Australia strikes nuclear deal with Russia - extended


Australia could supply Russia with uranium worth a $1 billion as part of a bilateral nuclear cooperation agreement signed between the two countries’ leaders Friday.

The deal was signed by Australian Foreign Minister Alexander Downer and Sergei Kiriyenko, head of the Federal Nuclear Power Agency (Rosatom), in the presence of Australian Prime Minister John Howard and Russian President Vladimir Putin.

Putin arrived in Sydney Friday to attend the Asia-Pacific Economic Cooperation (APEC) forum, running 8-9 September. “This new agreement will allow the supply of Australian uranium for use in Russia's civil nuclear power industry and provide a framework for broader cooperation on peaceful nuclear-related activities,” Howard said. Kiriyenko said Russia is ready to process 4,000 tons of Australian uranium a year.

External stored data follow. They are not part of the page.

lemma degree_lead_coeff_x_smult_pderiv_diff:
  fixes p :: "'a::field_char_0 poly"
  assumes deg: "degree p = n" and n: "n \<ge> 2"
    and centered: "coeff p (n - 1) = 0" and "coeff p (n - 2) \<noteq> 0"
  defines "r \<equiv> [:0, 1:] * smult (1 / of_nat n) (pderiv p) - p"
  shows "degree r = n - 2" and "lead_coeff r = - 2 / of_nat n * coeff p (n - 2)"
proof -
  have coeff_r: "coeff r k = (of_nat k / of_nat n - 1) * coeff p k" for k
    unfolding r_def coeff_x_mult_smult_pderiv_diff by simp
  have lead: "coeff r (n - 2) = - 2 / of_nat n * coeff p (n - 2)"
    using n by (simp add: coeff_r field_simps)
  moreover have "coeff r k = 0" if "n - 2 < k" for k
  proof -
    have "k = n - 1 \<or> k = n \<or> n < k" using that by linarith
    then show ?thesis
      using deg n centered by (auto simp: coeff_r coeff_eq_0)
  qed
  ultimately have "degree r = n - 2"
    using assms(4) n by (intro antisym degree_le le_degree) auto
  then show "degree r = n - 2" and "lead_coeff r = - 2 / of_nat n * coeff p (n - 2)"
    using lead by simp_all
qed

lemma ball_atLeastAtMost_parity_split:
  fixes P :: "nat \<Rightarrow> bool"
  assumes "1 \<le> N"
  shows "(\<forall>i\<in>{1..N}. P i) \<longleftrightarrow>
    (\<forall>k\<in>{1..N div 2}. P (2 * k)) \<and> (\<forall>k\<in>{0..(N - 1) div 2}. P (2 * k + 1))"
proof safe
  fix i assume evens: "\<forall>k\<in>{1..N div 2}. P (2 * k)" and odds: "\<forall>k\<in>{0..(N - 1) div 2}. P (2 * k + 1)"
    and i: "i \<in> {1..N}"
  show "P i"
  proof (cases "even i")
    case True
    then obtain k where "i = 2 * k" by blast
    moreover have "k \<in> {1..N div 2}" using i calculation by auto
    ultimately show ?thesis using evens by blast
  next
    case False
    then obtain k where "i = 2 * k + 1" using oddE by blast
    moreover have "k \<in> {0..(N - 1) div 2}" using i calculation by auto
    ultimately show ?thesis using odds by blast
  qed
qed (use assms in auto)

lemma alternating_sgn_iff_parity_split:
  fixes g :: "nat \<Rightarrow> 'a::linordered_idom"
  assumes "1 \<le> N"
  shows "(\<forall>i\<in>{1..N}. sgn (g i) = (-1) ^ (N - i)) \<longleftrightarrow>
    (\<forall>k\<in>{1..N div 2}. sgn (g (2 * k)) = (-1) ^ N) \<and>
    (\<forall>k\<in>{0..(N - 1) div 2}. sgn (g (2 * k + 1)) = - ((-1) ^ N))"
proof -
  have "(-1 :: 'a) ^ (N - 2 * k) = (-1) ^ N" if "k \<in> {1..N div 2}" for k
    using that by (auto simp: minus_one_power_iff)
  moreover have "(-1 :: 'a) ^ (N - (2 * k + 1)) = - ((-1) ^ N)" if "k \<in> {0..(N - 1) div 2}" for k
    using that assms by (auto simp: minus_one_power_iff)
  ultimately show ?thesis
    using ball_atLeastAtMost_parity_split[OF assms, of "\<lambda>i. sgn (g i) = (-1) ^ (N - i)"] by simp
qed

Putin said Russia has “a sufficient” and even “excessive supply of weapons-grade uranium, but plans to build 30 nuclear power stations in the next 15 years and needs Australian uranium to ensure their operation.” “For these purposes, and only for these purposes, we need Australian uranium,” he said. The previous agreement, which was signed in 1990, permitted Australian uranium to be processed in Russia in the interest of third countries only.

Australia holds about one-half of the world’s uranium reserves. It is one of the leading producers of uranium in the world exporting around $520 million worth of nuclear fuel last year. Russia’s state-controlled nuclear equipment exporter Techsnabexport (Tenex) may conclude agreements worth some $3 billion as a result of a nuclear cooperation deal signed in Australia, the company’s head said. “On the whole, the signing of this agreement could bring an additional $3 billion,”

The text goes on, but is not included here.